While gasoline supply constraints have recently eased, crude oil prices have continued to rise. During the past month, the spot price for West Texas Intermediate crude oil has increased almost $8 per barrel (19 cents per gallon) to just under $89 per barrel, as the market has become more confident that strong global oil demand growth will continue into 2011. Since changes in crude oil prices impact gasoline prices in a lagged fashion, gasoline prices may not fully reflect the most recent crude oil price increases, and thus, retail prices may be slow to soften, despite improving supplies.

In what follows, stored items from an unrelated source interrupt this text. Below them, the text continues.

(* Let $\mathcal{N}_1:\mathcal{L}(\mathcal{H}_{a1})\to\mathcal{L}(\mathcal{H}_{b1})$ and $\mathcal{N}_2:\mathcal{L}(\mathcal{H}_{a2})\to\mathcal{L}(\mathcal{H}_{b2})$ be quantum channels with $\dim\mathcal{H}_{ai}=\dim\mathcal{H}_{bi}=d_i$, and let $0<t\le1$. If $t\ge\max(1/d_1^2,1/d_2^2)$ then $$\mathcal{O}_t(\mathcal{N}_1\otimes\mathcal{N}_2)\ge\mathcal{O}_t(\mathcal{N}_1)\,\mathcal{O}_t(\mathcal{N}_2),$$ and if $\sqrt t\ge\max(1/d_1^2,1/d_2^2)$ then $$\mathcal{O}_t(\mathcal{N}_1\otimes\mathcal{N}_2)\ge\mathcal{O}_{\sqrt t}(\mathcal{N}_1)\,\mathcal{O}_{\sqrt t}(\mathcal{N}_2).$$
   Context: For a channel $\mathcal{N}:\mathcal{L}(\mathcal{H}_a)\to\mathcal{L}(\mathcal{H}_b)$ with $\dim\mathcal{H}_a=\dim\mathcal{H}_b=\dim\mathcal{H}_r=d$, define $\mathcal{O}_s(\mathcal{N})=\max\{\langle\phi_{rb}|(\mathrm{id}_r\otimes\mathcal{N})(\rho_{ra})|\phi_{rb}\rangle:\ \rho_{ra}\succeq0,\ \mathrm{Tr}\rho_{ra}=1,\ \mathrm{Tr}(\rho_{ra}^2)\le s\}$, where $|\phi_{rb}\rangle=\frac1{\sqrt d}\sum_i|\alpha_i\rangle_r|\alpha_i\rangle_b$. For $\mathcal{N}_1\otimes\mathcal{N}_2$ the reference is $\mathcal{H}_r=\mathcal{H}_{r1}\otimes\mathcal{H}_{r2}$ and the maximally entangled state is $\phi_{r1b1}\otimes\phi_{r2b2}$. *)

theory Defs
  imports "Jordan_Normal_Form.Matrix"
begin

(* Operators on a d-dimensional Hilbert space are d x d complex matrices
   (w.r.t. a fixed orthonormal basis, the standard basis).
   Composite systems H_1 (x) H_2 use the index convention  (i, k) |-> i * d2 + k. *)

definition mtrace :: "complex mat \<Rightarrow> complex" where
  "mtrace A = (\<Sum>i<dim_row A. A $$ (i, i))"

Retail Gasoline and Diesel Prices Up Again
The U.S. average retail price for a gallon of gasoline saw a slight increase of less than a penny versus last week to remain at $2.98 per gallon, $0.39 per gallon higher than last year at this time. In a quiet week for gasoline prices, no major region moved more than half of a cent in either direction. The East Coast, Midwest, Gulf Coast, and Rocky Mountains all gained less than half of a cent. Moving in the other direction, the average West Coast price fell a fraction of a cent. Prices on the West Coast were the highest in the country at $3.19 per gallon, while prices in the Rocky Mountains were the lowest at $2.80 per gallon.
Diesel prices advanced this week with the U.S. retail average increasing almost two cents. The national average for a gallon of diesel is now $3.25 per gallon, $0.52 higher than last year at this time. Prices in the Midwest gained more than two cents versus last week, the most in the country, followed by the Gulf Coast which gained a full two cents. On the East Coast, the average diesel price was up a penny from last week. Rounding out the gains for the week, both the West Coast and Rocky Mountains increased half of a cent. This marks the eleventh increase in the last twelve weeks for the Rocky Mountains.

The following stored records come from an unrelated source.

lemma lambda_A_mult_inner_square_le_f_d:
  assumes "norm u \<le> 1" and "0 \<le> lambda_A \<phi> \<gamma> N s"
  shows "lambda_A \<phi> \<gamma> N s * (u \<bullet> (\<theta> - theta_star \<phi> r \<gamma> N s))\<^sup>2 \<le> f_d \<phi> r \<gamma> N s \<theta>"
proof -
  let ?x = "\<theta> - theta_star \<phi> r \<gamma> N s"
  have "lambda_A \<phi> \<gamma> N s * (u \<bullet> ?x)\<^sup>2 \<le> lambda_A \<phi> \<gamma> N s * (?x \<bullet> ?x)"
    using assms by (intro mult_left_mono inner_square_le_if_norm_le_1)
  also have "\<dots> \<le> f_d \<phi> r \<gamma> N s \<theta>"
    using quadratic_form_ge_min_eigenvalue_symmetric_part by (simp add: lambda_A_def f_d_def)
  finally show ?thesis .
qed

theorem mainTheorem6:
  fixes \<phi> :: "'s \<Rightarrow> real ^ 'd" and r :: "'s \<Rightarrow> 's \<Rightarrow> real" and \<gamma> :: real
    and N :: nat and s :: "nat \<Rightarrow> 's" and \<theta> :: "real ^ 'd"
  assumes "finite (UNIV :: 's set)"
    and \<phi>_le_1: "\<And>x. norm (\<phi> x) \<le> 1"
    and "0 \<le> \<gamma>" and "\<gamma> < 1"
    and "N \<ge> 1"
    and "invertible (A_d \<phi> \<gamma> N s)"
    and lambda_A_pos: "lambda_A \<phi> \<gamma> N s > 0"
  shows "w_fun \<phi> r \<gamma> N s \<theta> \<le> 2 * f_d \<phi> r \<gamma> N s \<theta>
           + \<gamma>\<^sup>2 / real N * ((\<phi> (s (N+1)) \<bullet> (\<theta> - theta_star \<phi> r \<gamma> N s))\<^sup>2
                              - (\<phi> (s 1) \<bullet> (\<theta> - theta_star \<phi> r \<gamma> N s))\<^sup>2)
     \<and> 2 * f_d \<phi> r \<gamma> N s \<theta>
           + \<gamma>\<^sup>2 / real N * ((\<phi> (s (N+1)) \<bullet> (\<theta> - theta_star \<phi> r \<gamma> N s))\<^sup>2
                              - (\<phi> (s 1) \<bullet> (\<theta> - theta_star \<phi> r \<gamma> N s))\<^sup>2)
       \<le> (2 + \<gamma>\<^sup>2 / (real N * lambda_A \<phi> \<gamma> N s)) * f_d \<phi> r \<gamma> N s \<theta>"
proof -
  define F where "F = f_d \<phi> r \<gamma> N s \<theta>"
  define l where "l = lambda_A \<phi> \<gamma> N s"
  define b where "b t = \<phi> (s t) \<bullet> (\<theta> - theta_star \<phi> r \<gamma> N s)" for t
  have "l * (b (N+1))\<^sup>2 \<le> F"
    unfolding l_def b_def F_def using lambda_A_pos
    by (intro lambda_A_mult_inner_square_le_f_d \<phi>_le_1) simp
  then have "(b (N+1))\<^sup>2 \<le> F / l"
    using lambda_A_pos by (simp add: l_def field_simps)
  then have "(b (N+1))\<^sup>2 - (b 1)\<^sup>2 \<le> F / l"
    using zero_le_power2[of "b 1"] by linarith
  then have "\<gamma>\<^sup>2 / real N * ((b (N+1))\<^sup>2 - (b 1)\<^sup>2) \<le> \<gamma>\<^sup>2 / real N * (F / l)"
    by (intro mult_left_mono) auto
  then have "2 * F + \<gamma>\<^sup>2 / real N * ((b (N+1))\<^sup>2 - (b 1)\<^sup>2) \<le> (2 + \<gamma>\<^sup>2 / (real N * l)) * F"
    by (simp add: algebra_simps)
  moreover have "\<bar>\<gamma>\<bar> \<le> 1" using \<open>0 \<le> \<gamma>\<close> \<open>\<gamma> < 1\<close> by simp
  ultimately show ?thesis
    using w_fun_le_f_d_plus_boundary[OF \<phi>_le_1] by (simp add: F_def l_def b_def)
qed

end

Residential Heating Fuel Prices Increase
Residential heating oil prices continued to rise during the period ending December 20, 2010. The average residential heating oil price increased by approximately $0.02 per gallon last week to reach $3.26 per gallon, an increase of nearly $0.51 per gallon from the same time last year. Wholesale heating oil prices increased by $0.02 per gallon last week, reaching a price just shy of $2.56 per gallon. This is $0.53 per gallon higher than last year’s price.

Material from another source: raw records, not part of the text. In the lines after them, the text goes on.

lemma emeasure_singleton_eq_0:
  assumes "z \<in> Y"
  shows "emeasure N {z} = 0"
proof -
  have le: "measure N {z} \<le> c * r powr v" if "0 < r" for r
  proof -
    have "emeasure N {z} \<le> emeasure N (ball z r \<inter> Y)"
      using that assms sets_N[of "ball z r"] by (intro emeasure_mono) auto
    also have "\<dots> \<le> ennreal (c * r powr v)" using emeasure_ball_le assms that by auto
    finally show ?thesis using c_pos by (simp add: measure_def enn2real_leI)
  qed
  have "((\<lambda>r. c * r powr v) \<longlongrightarrow> c * 0) (at_right 0)"
    using v_pos eventually_at_right_less[of 0]
    by (intro tendsto_intros tendsto_zero_powrI)
       (auto intro: tendsto_ident_at elim: eventually_mono)
  then have "measure N {z} \<le> c * 0"
    by (rule tendsto_lowerbound) (auto intro: le eventually_mono[OF eventually_at_right_less])
  then show ?thesis
    using sets_N[of "{z}"] assms
    by (simp add: finite_measure.emeasure_eq_measure[OF finite_measure_N] measure_le_0_iff)
qed

lemma AE_neq: "z \<in> Y \<Longrightarrow> AE t in N. t \<noteq> z"
  using emeasure_singleton_eq_0[of z] sets_N[of "{z}"] by (intro AE_I[of _ _ "{z}"]) auto

definition ball_powr_const :: "real \<Rightarrow> real" where
  "ball_powr_const s = c * 4 powr v / (2 powr (v - s) - 1)"

definition outside_ball_powr_const :: "real \<Rightarrow> real" where
  "outside_ball_powr_const S = c * 4 powr v / (1 - 2 powr (v - S))"

lemma ball_powr_const_nonneg: "s < v \<Longrightarrow> 0 \<le> ball_powr_const s"
  using c_pos by (auto simp: ball_powr_const_def intro!: divide_nonneg_nonneg ge_one_powr_ge_zero)

lemma outside_ball_powr_const_nonneg: "v < S \<Longrightarrow> 0 \<le> outside_ball_powr_const S"
  using c_pos powr_less_one[of 2 "v - S"] by (simp add: outside_ball_powr_const_def)

lemma nn_integral_annulus_le:
  assumes z: "z \<in> Y" and a: "0 < a" and s: "0 \<le> s"
  shows "(\<integral>\<^sup>+t\<in>cball z (2 * a) - ball z a. ennreal (dist z t powr (-s)) \<partial>N)
           \<le> ennreal (c * 4 powr v * a powr (v - s))"
proof -
  have "(\<integral>\<^sup>+t\<in>cball z (2 * a) - ball z a. ennreal (dist z t powr (-s)) \<partial>N)
          \<le> (\<integral>\<^sup>+t\<in>ball z (4 * a) \<inter> Y. ennreal (a powr (-s)) \<partial>N)"
  proof (intro nn_integral_mono)
    fix t assume "t \<in> space N"
    moreover have "dist z t powr (-s) \<le> a powr (-s)" if "a \<le> dist z t"
      using that a s by (intro powr_mono2') auto
    ultimately show "ennreal (dist z t powr (-s)) * indicator (cball z (2 * a) - ball z a) t
                       \<le> ennreal (a powr (-s)) * indicator (ball z (4 * a) \<inter> Y) t"
      using a space_N by (auto simp: indicator_def intro: ennreal_leI)
  qed
  also have "\<dots> = ennreal (a powr (-s)) * emeasure N (ball z (4 * a) \<inter> Y)"
    by (intro nn_integral_cmult_indicator sets_N) auto
  also have "\<dots> \<le> ennreal (a powr (-s)) * ennreal (c * (4 * a) powr v)"
    using emeasure_ball_le[of z "4 * a"] z a by (intro mult_left_mono) auto
  also have "\<dots> = ennreal (c * 4 powr v * a powr (v - s))"
    using a c_pos by (simp add: ennreal_mult[symmetric] powr_mult powr_diff powr_minus field_simps)
  finally show ?thesis .
qed

lemma nn_integral_dyadic_cover_le:
  assumes z: "z \<in> Y" and s: "0 \<le> s" and a: "0 < a" and b: "0 < b" and q: "b powr (v - s) < 1"
    and cover: "A - {z} \<subseteq> (\<Union>k. cball z (2 * a * b ^ k) - ball z (a * b ^ k))"
  shows "(\<integral>\<^sup>+t\<in>A. ennreal (dist z t powr (-s)) \<partial>N)
           \<le> ennreal (c * 4 powr v * a powr (v - s) / (1 - b powr (v - s)))"
proof -
  let ?f = "\<lambda>t. ennreal (dist z t powr (-s))"
  let ?R = "\<lambda>k::nat. cball z (2 * (a * b ^ k)) - ball z (a * b ^ k)"
  define q where "q = b powr (v - s)"
  have "(\<integral>\<^sup>+t\<in>A. ?f t \<partial>N) \<le> (\<integral>\<^sup>+t. (\<Sum>k. ?f t * indicator (?R k) t) \<partial>N)"
  proof (intro nn_integral_mono)
    fix t
    show "?f t * indicator A t \<le> (\<Sum>k. ?f t * indicator (?R k) t)"
    proof (cases "t \<in> A \<and> t \<noteq> z")
      case True
      then obtain k where "t \<in> ?R k" using cover by (auto simp: mult.assoc)
      then have "?f t * indicator A t = (\<Sum>k\<in>{k}. ?f t * indicator (?R k) t)"
        using True by simp
      also have "\<dots> \<le> (\<Sum>k. ?f t * indicator (?R k) t)"
        by (rule sum_le_suminf) auto
      finally show ?thesis .
    qed auto
  qed
  also have "\<dots> = (\<Sum>k. \<integral>\<^sup>+t\<in>?R k. ?f t \<partial>N)"
    by (intro nn_integral_suminf) measurable
  also have "\<dots> \<le> (\<Sum>k. ennreal (c * 4 powr v * a powr (v - s) * q ^ k))"
  proof (intro suminf_le summableI)
    fix k
    have "(\<integral>\<^sup>+t\<in>?R k. ?f t \<partial>N) \<le> ennreal (c * 4 powr v * (a * b ^ k) powr (v - s))"
      using a b by (intro nn_integral_annulus_le z s) auto
    also have "(a * b ^ k) powr (v - s) = a powr (v - s) * q ^ k"
      using a b by (simp add: powr_mult powr_power_commute q_def)
    finally show "(\<integral>\<^sup>+t\<in>?R k. ?f t \<partial>N) \<le> ennreal (c * 4 powr v * a powr (v - s) * q ^ k)"
      by (simp add: mult.assoc)
  qed
  also have "\<dots> = ennreal (c * 4 powr v * a powr (v - s) * (1 / (1 - q)))"
    using q c_pos by (intro suminf_ennreal_eq sums_mult geometric_sums) (auto simp: q_def)
  finally show ?thesis by (simp add: q_def)
qed

lemma nn_integral_ball_dist_powr_le:
  assumes z: "z \<in> Y" and s: "0 \<le> s" "s < v" and \<rho>: "0 < \<rho>"
  shows "(\<integral>\<^sup>+t\<in>ball z \<rho>. ennreal (dist z t powr (-s)) \<partial>N)
           \<le> ennreal (ball_powr_const s * \<rho> powr (v - s))"
proof -
  have "(\<integral>\<^sup>+t\<in>ball z \<rho>. ennreal (dist z t powr (-s)) \<partial>N)
          \<le> ennreal (c * 4 powr v * (\<rho> / 2) powr (v - s) / (1 - (1 / 2) powr (v - s)))"
  proof (rule nn_integral_dyadic_cover_le[OF z s(1)])
    show "(1 / 2 :: real) powr (v - s) < 1"
      using s by (simp add: powr_divide powr_less_one)
    show "ball z \<rho> - {z} \<subseteq> (\<Union>k. cball z (2 * (\<rho> / 2) * (1 / 2) ^ k) - ball z (\<rho> / 2 * (1 / 2) ^ k))"
    proof
      fix t assume t: "t \<in> ball z \<rho> - {z}"
      then have d: "0 < dist z t" "dist z t < \<rho>" by auto
      then obtain n where "2 ^ n \<le> \<rho> / dist z t" "\<rho> / dist z t < 2 ^ Suc n"
        using ex_power_le_less[of 2 "\<rho> / dist z t"] by auto
      with d show "t \<in> (\<Union>k. cball z (2 * (\<rho> / 2) * (1 / 2) ^ k) - ball z (\<rho> / 2 * (1 / 2) ^ k))"
        by (auto simp: field_simps power_one_over intro!: exI[of _ n])
    qed
  qed (use \<rho> in auto)
  also have "c * 4 powr v * (\<rho> / 2) powr (v - s) / (1 - (1 / 2) powr (v - s))
              = ball_powr_const s * \<rho> powr (v - s)"
    using \<rho> s by (simp add: ball_powr_const_def powr_divide field_simps)
  finally show ?thesis .
qed

lemma nn_integral_outside_ball_dist_powr_le:
  assumes z: "z \<in> Y" and S: "v < S" and r: "0 < r"
  shows "(\<integral>\<^sup>+t\<in>- ball z r. ennreal (dist z t powr (-S)) \<partial>N)
           \<le> ennreal (outside_ball_powr_const S * r powr (v - S))"
proof -
  have "(\<integral>\<^sup>+t\<in>- ball z r. ennreal (dist z t powr (-S)) \<partial>N)
          \<le> ennreal (c * 4 powr v * r powr (v - S) / (1 - 2 powr (v - S)))"
  proof (rule nn_integral_dyadic_cover_le[OF z])
    show "- ball z r - {z} \<subseteq> (\<Union>k. cball z (2 * r * 2 ^ k) - ball z (r * 2 ^ k))"
    proof
      fix t assume t: "t \<in> - ball z r - {z}"
      then obtain n where "2 ^ n \<le> dist z t / r" "dist z t / r < 2 ^ Suc n"
        using ex_power_le_less[of 2 "dist z t / r"] r by auto
      with r show "t \<in> (\<Union>k. cball z (2 * r * 2 ^ k) - ball z (r * 2 ^ k))"
        by (auto simp: field_simps intro!: exI[of _ n])
    qed
  qed (use S v_pos r in \<open>auto intro: powr_less_one\<close>)
  then show ?thesis by (simp add: outside_ball_powr_const_def field_simps)
qed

The average residential propane price increased by $0.05 per gallon to reach $2.68 per gallon. This was an increase of almost $0.28 per gallon compared to the $2.40 per gallon average from the same period last year. Wholesale propane prices increased by over $0.05 per gallon to $1.39 per gallon. This was an increase of almost $0.08 per gallon compared to the December 21, 2009 price of $1.31 per gallon.
Propane Inventories Continue to Drop
Total U.S. inventories of propane fell by 3.5 million barrels last week to end at 57.7 million barrels, as a cold weather affected large areas of the country. The Midwest region drew 2.1 million barrels of propane inventory. Meanwhile, the Gulf Coast regional stocks fell 0.9 million barrels and the East Coast region decreased 0.5 million barrels. The Rocky Mountain/West Coast regional inventories were down slightly. Propylene non-fuel use inventories represented 3.5 percent of total propane inventories.